* _Stored data_:
==*==
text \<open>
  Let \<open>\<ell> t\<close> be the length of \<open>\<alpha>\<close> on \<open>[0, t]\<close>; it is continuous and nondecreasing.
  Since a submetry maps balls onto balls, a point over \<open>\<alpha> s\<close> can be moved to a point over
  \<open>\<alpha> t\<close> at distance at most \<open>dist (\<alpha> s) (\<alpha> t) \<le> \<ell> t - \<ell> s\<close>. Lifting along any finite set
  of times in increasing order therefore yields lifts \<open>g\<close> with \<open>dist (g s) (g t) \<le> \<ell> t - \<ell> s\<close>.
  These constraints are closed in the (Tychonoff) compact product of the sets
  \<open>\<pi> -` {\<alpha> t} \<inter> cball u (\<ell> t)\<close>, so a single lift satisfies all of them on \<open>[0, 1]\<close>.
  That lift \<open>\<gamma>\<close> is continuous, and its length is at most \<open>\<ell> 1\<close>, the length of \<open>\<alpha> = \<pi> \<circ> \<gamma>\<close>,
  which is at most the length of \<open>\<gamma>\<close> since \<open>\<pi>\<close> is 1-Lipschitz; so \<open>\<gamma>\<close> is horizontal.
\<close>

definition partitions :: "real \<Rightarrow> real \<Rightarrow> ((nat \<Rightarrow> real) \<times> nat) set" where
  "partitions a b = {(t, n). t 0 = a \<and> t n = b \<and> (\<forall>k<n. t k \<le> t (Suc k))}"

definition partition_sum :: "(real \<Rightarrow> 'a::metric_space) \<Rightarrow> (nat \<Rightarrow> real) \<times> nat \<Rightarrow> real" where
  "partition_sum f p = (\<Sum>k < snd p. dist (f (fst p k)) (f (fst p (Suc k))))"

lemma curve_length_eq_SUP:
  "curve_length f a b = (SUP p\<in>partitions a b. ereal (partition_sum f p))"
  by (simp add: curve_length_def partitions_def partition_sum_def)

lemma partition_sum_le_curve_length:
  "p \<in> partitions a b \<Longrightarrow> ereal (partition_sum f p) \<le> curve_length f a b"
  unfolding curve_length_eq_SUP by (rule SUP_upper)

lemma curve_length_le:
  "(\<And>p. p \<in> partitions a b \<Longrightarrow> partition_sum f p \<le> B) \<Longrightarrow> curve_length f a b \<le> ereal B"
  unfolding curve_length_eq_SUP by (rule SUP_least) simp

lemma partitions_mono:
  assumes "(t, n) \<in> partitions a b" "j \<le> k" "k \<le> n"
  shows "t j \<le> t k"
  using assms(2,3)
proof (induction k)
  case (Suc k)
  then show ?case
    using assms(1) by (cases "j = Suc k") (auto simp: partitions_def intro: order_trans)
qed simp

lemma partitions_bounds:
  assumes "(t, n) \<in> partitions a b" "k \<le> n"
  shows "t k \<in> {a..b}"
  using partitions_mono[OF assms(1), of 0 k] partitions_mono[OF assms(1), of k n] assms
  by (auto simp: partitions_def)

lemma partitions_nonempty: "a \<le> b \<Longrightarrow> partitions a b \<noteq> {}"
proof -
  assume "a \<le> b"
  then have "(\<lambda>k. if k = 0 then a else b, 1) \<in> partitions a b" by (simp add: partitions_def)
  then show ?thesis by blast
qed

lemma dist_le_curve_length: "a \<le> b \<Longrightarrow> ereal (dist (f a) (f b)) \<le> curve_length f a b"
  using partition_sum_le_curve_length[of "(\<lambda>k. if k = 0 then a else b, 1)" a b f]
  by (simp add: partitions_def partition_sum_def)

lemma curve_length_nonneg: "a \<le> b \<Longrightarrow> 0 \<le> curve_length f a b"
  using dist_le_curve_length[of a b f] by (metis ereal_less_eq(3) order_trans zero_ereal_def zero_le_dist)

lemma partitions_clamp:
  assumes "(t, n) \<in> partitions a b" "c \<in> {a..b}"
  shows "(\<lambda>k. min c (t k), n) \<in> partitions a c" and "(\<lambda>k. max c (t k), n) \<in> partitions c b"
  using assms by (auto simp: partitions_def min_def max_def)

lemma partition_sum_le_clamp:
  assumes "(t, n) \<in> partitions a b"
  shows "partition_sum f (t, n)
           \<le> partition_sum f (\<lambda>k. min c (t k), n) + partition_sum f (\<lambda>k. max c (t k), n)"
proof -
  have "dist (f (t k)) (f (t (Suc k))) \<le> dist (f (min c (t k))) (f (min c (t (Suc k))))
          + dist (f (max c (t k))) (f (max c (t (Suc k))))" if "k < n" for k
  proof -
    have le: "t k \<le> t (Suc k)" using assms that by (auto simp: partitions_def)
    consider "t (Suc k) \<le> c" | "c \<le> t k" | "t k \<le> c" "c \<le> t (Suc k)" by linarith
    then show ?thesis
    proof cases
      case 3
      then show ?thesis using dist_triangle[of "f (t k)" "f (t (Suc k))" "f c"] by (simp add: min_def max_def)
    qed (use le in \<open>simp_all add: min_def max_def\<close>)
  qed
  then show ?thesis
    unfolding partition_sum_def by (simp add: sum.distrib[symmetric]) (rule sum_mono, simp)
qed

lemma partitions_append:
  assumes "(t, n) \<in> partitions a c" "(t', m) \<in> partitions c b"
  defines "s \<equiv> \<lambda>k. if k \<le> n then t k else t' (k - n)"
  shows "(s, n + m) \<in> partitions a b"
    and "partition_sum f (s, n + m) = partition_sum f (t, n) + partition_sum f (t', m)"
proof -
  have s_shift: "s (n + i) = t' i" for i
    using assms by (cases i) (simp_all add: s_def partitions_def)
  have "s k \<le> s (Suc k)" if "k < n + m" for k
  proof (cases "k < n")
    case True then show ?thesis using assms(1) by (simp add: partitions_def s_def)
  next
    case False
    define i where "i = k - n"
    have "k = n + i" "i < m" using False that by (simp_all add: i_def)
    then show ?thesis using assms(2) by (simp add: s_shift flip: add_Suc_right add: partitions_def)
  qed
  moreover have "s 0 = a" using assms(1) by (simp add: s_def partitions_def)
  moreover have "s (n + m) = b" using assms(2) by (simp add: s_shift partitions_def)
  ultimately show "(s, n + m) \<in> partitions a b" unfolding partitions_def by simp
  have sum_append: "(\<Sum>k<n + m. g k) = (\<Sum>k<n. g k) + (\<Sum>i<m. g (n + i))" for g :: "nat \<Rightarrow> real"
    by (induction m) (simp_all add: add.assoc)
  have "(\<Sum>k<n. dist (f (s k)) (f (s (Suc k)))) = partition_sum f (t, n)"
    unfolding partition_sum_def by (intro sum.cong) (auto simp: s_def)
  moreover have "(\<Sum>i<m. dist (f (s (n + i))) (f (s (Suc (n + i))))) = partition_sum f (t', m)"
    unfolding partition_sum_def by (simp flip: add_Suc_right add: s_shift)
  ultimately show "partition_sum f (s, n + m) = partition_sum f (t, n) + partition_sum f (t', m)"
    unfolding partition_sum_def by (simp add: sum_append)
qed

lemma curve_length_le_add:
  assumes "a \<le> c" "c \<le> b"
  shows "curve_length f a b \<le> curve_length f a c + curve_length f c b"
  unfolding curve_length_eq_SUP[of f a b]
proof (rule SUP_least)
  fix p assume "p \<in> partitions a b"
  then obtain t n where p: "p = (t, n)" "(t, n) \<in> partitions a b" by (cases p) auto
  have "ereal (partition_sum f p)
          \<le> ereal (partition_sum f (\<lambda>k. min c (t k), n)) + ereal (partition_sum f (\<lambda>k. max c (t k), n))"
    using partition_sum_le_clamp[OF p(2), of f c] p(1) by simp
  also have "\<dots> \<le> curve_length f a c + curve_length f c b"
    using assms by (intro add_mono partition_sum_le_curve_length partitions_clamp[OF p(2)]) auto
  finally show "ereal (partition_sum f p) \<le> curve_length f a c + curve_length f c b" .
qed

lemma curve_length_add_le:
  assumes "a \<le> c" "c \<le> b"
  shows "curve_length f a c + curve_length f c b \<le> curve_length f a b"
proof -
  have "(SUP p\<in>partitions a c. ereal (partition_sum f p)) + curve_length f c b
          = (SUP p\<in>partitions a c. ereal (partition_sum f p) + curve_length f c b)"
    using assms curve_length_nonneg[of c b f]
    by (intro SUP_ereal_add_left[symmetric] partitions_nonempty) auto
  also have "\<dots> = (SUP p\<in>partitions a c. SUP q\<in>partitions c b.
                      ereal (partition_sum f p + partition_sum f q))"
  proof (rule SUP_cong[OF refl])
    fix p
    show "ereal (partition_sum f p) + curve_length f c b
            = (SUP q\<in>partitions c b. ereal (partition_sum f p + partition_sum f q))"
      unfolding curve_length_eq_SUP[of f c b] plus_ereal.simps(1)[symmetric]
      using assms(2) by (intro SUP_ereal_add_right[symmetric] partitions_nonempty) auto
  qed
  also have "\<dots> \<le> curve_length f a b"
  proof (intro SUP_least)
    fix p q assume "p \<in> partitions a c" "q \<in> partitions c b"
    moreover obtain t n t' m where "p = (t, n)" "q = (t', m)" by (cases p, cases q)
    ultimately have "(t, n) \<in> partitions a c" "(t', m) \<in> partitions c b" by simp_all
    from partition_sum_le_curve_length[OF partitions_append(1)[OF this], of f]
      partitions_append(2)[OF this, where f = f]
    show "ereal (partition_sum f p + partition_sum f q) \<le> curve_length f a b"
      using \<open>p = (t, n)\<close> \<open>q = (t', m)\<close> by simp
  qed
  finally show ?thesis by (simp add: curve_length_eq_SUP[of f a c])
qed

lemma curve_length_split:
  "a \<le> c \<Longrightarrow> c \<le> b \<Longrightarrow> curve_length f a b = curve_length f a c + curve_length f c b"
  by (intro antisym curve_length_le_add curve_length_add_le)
==*==
* _REQUIREMENT_: Using the records above, set down exactly the lines from the one with "unfolding curve_length_eq_SUP[of f c" through the one with "proof (intro SUP_least)", inclusive, and nothing more.

* _ANSWER BELOW_:
      unfolding curve_length_eq_SUP[of f c b] plus_ereal.simps(1)[symmetric]
      using assms(2) by (intro SUP_ereal_add_right[symmetric] partitions_nonempty) auto
  qed
  also have "\<dots> \<le> curve_length f a b"
  proof (intro SUP_least)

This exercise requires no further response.